Однажды Энн призналась Веронике, что уже придумывает имена для будущих детей.

Вероника не ответила. Она не могла бы объяснить, что видела в Энн: растущее смятение, нечто похожее на черный ужас, распространявшийся, как чернила по воде. И чем дольше тянулось время, тем больше они расплывались, покрывая поверхность воды серой, почти непрозрачной пленкой.

Однажды несколько недель назад, когда ей захотелось помочь Энн, Вероника положила руку на руку девушки и спросила ее, в чем дело.

Но Энн, не имевшая привычки откровенничать с ней, как и остальные кузины, только весело рассмеялась и отпустила колкое замечание: «Ты снова испытываешь ощущение обреченности.

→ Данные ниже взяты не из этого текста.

lemma hull_set_pair_adjacent:
  assumes "is_graph V E" and "connected_graph V E" and "is_hull_set V E {u, v}" and "u \<noteq> v"
  shows "E u v"
proof (rule ccontr)
  assume "\<not> E u v"
  then have "\<forall>x\<in>{u, v}. \<forall>y\<in>{u, v}. \<not> E x y"
    using assms(1) unfolding is_graph_def by blast
  then have "cycle_convex V E {u, v}"
    using cycle_convex_no_edges[OF is_graph_symp[OF assms(1)]] by blast
  moreover have "{u, v} \<subseteq> V"
    using assms(3) unfolding is_hull_set_def by blast
  ultimately have V: "V = {u, v}"
    using hull_set_convex_superset_eq[OF assms(3) subset_refl] by blast
  then have "E\<^sup>*\<^sup>* u v"
    using assms(2) unfolding connected_graph_def by blast
  then obtain y where "E u y"
    using assms(4) by (metis converse_rtranclpE)
  then show False
    using V \<open>\<not> E u v\<close> assms(1) unfolding is_graph_def by blast
qed

lemma split_of_overlapping_hulls:
  assumes "S \<subseteq> V" and "A \<subseteq> S" and "B \<subseteq> S" and "A \<inter> B = {}"
    and overlap: "cycle_hull V E A \<inter> cycle_hull V E B \<noteq> {}"
  shows "\<exists>S1 S2. S1 \<union> S2 = S \<and> S1 \<inter> S2 = {} \<and> S1 \<noteq> {} \<and> S2 \<noteq> {}
           \<and> cycle_hull V E S1 \<inter> cycle_hull V E S2 \<noteq> {}"
proof (rule exI[of _ A], rule exI[of _ "S - A"], intro conjI)
  show "A \<union> (S - A) = S" and "A \<inter> (S - A) = {}"
    using assms(2) by blast+
  have "B \<subseteq> S - A"
    using assms(3,4) by blast
  then have "cycle_hull V E B \<subseteq> cycle_hull V E (S - A)"
    using cycle_hull_mono[of B "S - A" V E] assms(1) by blast
  then show "cycle_hull V E A \<inter> cycle_hull V E (S - A) \<noteq> {}"
    using overlap by blast
  show "A \<noteq> {}"
    using overlap cycle_hull_empty[of V E] by auto
  have "B \<noteq> {}"
    using overlap cycle_hull_empty[of V E] by auto
  then show "S - A \<noteq> {}"
    using \<open>B \<subseteq> S - A\<close> by blast
qed

section \<open>Convex sets of the Cartesian product\<close>

lemma symp_box_edges: "symp EG \<Longrightarrow> symp EH \<Longrightarrow> symp (box_edges EG EH)"
  unfolding symp_def box_edges_def by auto

lemma cycle_convex_vimage:
  assumes "symp E" and "symp E'" and "cycle_convex V' E' C"
    and "inj_on f V" and "f ` V \<subseteq> V'" and edges: "\<And>x y. E x y \<Longrightarrow> E' (f x) (f y)"
  shows "cycle_convex V E {x \<in> V. f x \<in> C}"
proof (rule cycle_convexI[OF assms(1)])
  let ?D = "{x \<in> V. f x \<in> C}"
  fix w
  assume w: "w \<in> V" "w \<notin> ?D" and "linked_neighbours E ?D w"
  then obtain a b where ab: "a \<noteq> b" "E w a" "E w b" "a \<in> ?D" "b \<in> ?D"
    and walk: "(induced_adj E ?D)\<^sup>*\<^sup>* a b"
    unfolding linked_neighbours_def by blast
  have step: "induced_adj E' C (f x) (f y)" if "induced_adj E ?D x y" for x y
    using that edges unfolding induced_adj_def by blast
  have "(induced_adj E' C)\<^sup>*\<^sup>* (f a) (f b)"
    using rtranclp_map[of "induced_adj E ?D" "induced_adj E' C" f, OF _ walk] step by blast
  moreover have "f a \<noteq> f b"
    using assms(4) ab(1,4,5) unfolding inj_on_def by blast
  ultimately have "linked_neighbours E' C (f w)"
    unfolding linked_neighbours_def using ab(4,5) edges[OF ab(2)] edges[OF ab(3)] by blast
  then have "f w \<in> C"
    using cycle_convexD[OF assms(3,2)] w(1) assms(5) by blast
  then show False
    using w by blast
qed

lemma box_layer_convex:
  assumes "is_graph VG EG" and "is_graph VH EH"
    and "cycle_convex (VG \<times> VH) (box_edges EG EH) C" and "h \<in> VH"
  shows "cycle_convex VG EG {g \<in> VG. (g, h) \<in> C}"
  using assms
  by (intro cycle_convex_vimage[of EG "box_edges EG EH" "VG \<times> VH" C "\<lambda>g. (g, h)"])
    (auto simp: is_graph_symp symp_box_edges inj_on_def box_edges_def)

lemma box_fibre_convex:
  assumes "is_graph VG EG" and "is_graph VH EH"
    and "cycle_convex (VG \<times> VH) (box_edges EG EH) C" and "g \<in> VG"
  shows "cycle_convex VH EH {h \<in> VH. (g, h) \<in> C}"
  using assms
  by (intro cycle_convex_vimage[of EH "box_edges EG EH" "VG \<times> VH" C "\<lambda>h. (g, h)"])
    (auto simp: is_graph_symp symp_box_edges inj_on_def box_edges_def)

lemma box_convex_layer_hull:
  assumes "is_graph VG EG" and "is_graph VH EH"
    and "cycle_convex (VG \<times> VH) (box_edges EG EH) C" and "h \<in> VH"
    and "S \<subseteq> VG" and "S \<times> {h} \<subseteq> C"
  shows "cycle_hull VG EG S \<times> {h} \<subseteq> C"
proof -
  have "cycle_hull VG EG S \<subseteq> {g \<in> VG. (g, h) \<in> C}"
    using cycle_hull_least[OF _ _ box_layer_convex[OF assms(1-4)], of S] assms(5,6) by blast
  then show ?thesis
    by blast
qed

lemma box_convex_square:
  assumes "is_graph VG EG" and "is_graph VH EH"
    and "cycle_convex (VG \<times> VH) (box_edges EG EH) C"
    and "(a, b) \<in> C" and "(a', b) \<in> C" and "(a, b') \<in> C" and "EG a a'" and "EH b b'"
  shows "(a', b') \<in> C"
proof (rule cycle_convexD[OF assms(3) symp_box_edges[OF assms(1,2)[THEN is_graph_symp]]])
  have "EG a' a" "EH b' b" "a \<noteq> a'" "a' \<in> VG" "b' \<in> VH"
    using assms(1,2,7,8) unfolding is_graph_def by blast+
  then show "(a', b') \<in> VG \<times> VH"
    by blast
  have "induced_adj (box_edges EG EH) C (a', b) (a, b)"
    and "induced_adj (box_edges EG EH) C (a, b) (a, b')"
    using assms(4-8) \<open>EG a' a\<close> unfolding induced_adj_def box_edges_def by simp_all
  then have "(induced_adj (box_edges EG EH) C)\<^sup>*\<^sup>* (a', b) (a, b')"
    by (rule converse_rtranclp_into_rtranclp[OF _ r_into_rtranclp])
  then show "linked_neighbours (box_edges EG EH) C (a', b')"
    unfolding linked_neighbours_def using assms(5,6) \<open>EG a' a\<close> \<open>EH b' b\<close> \<open>a \<noteq> a'\<close>
    by (intro exI[of _ "(a', b)"] exI[of _ "(a, b')"]) (auto simp: box_edges_def)
qed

Это твоя шотландская склонность все драматизировать».

Иногда впечатления Вероники бывали настолько сильными, что ей приходилось делать усилие, чтобы отгородиться ото всех. А иначе она не могла бы различить собственные противоречивые чувства. Самым худшим в этом было то, что порой она воспринимала их страдания, радости и страхи как собственные.

Когда всего этого оказывалось слишком много для нее, единственным средством было закрыть дверь в свою комнату и искать уединения и тишины.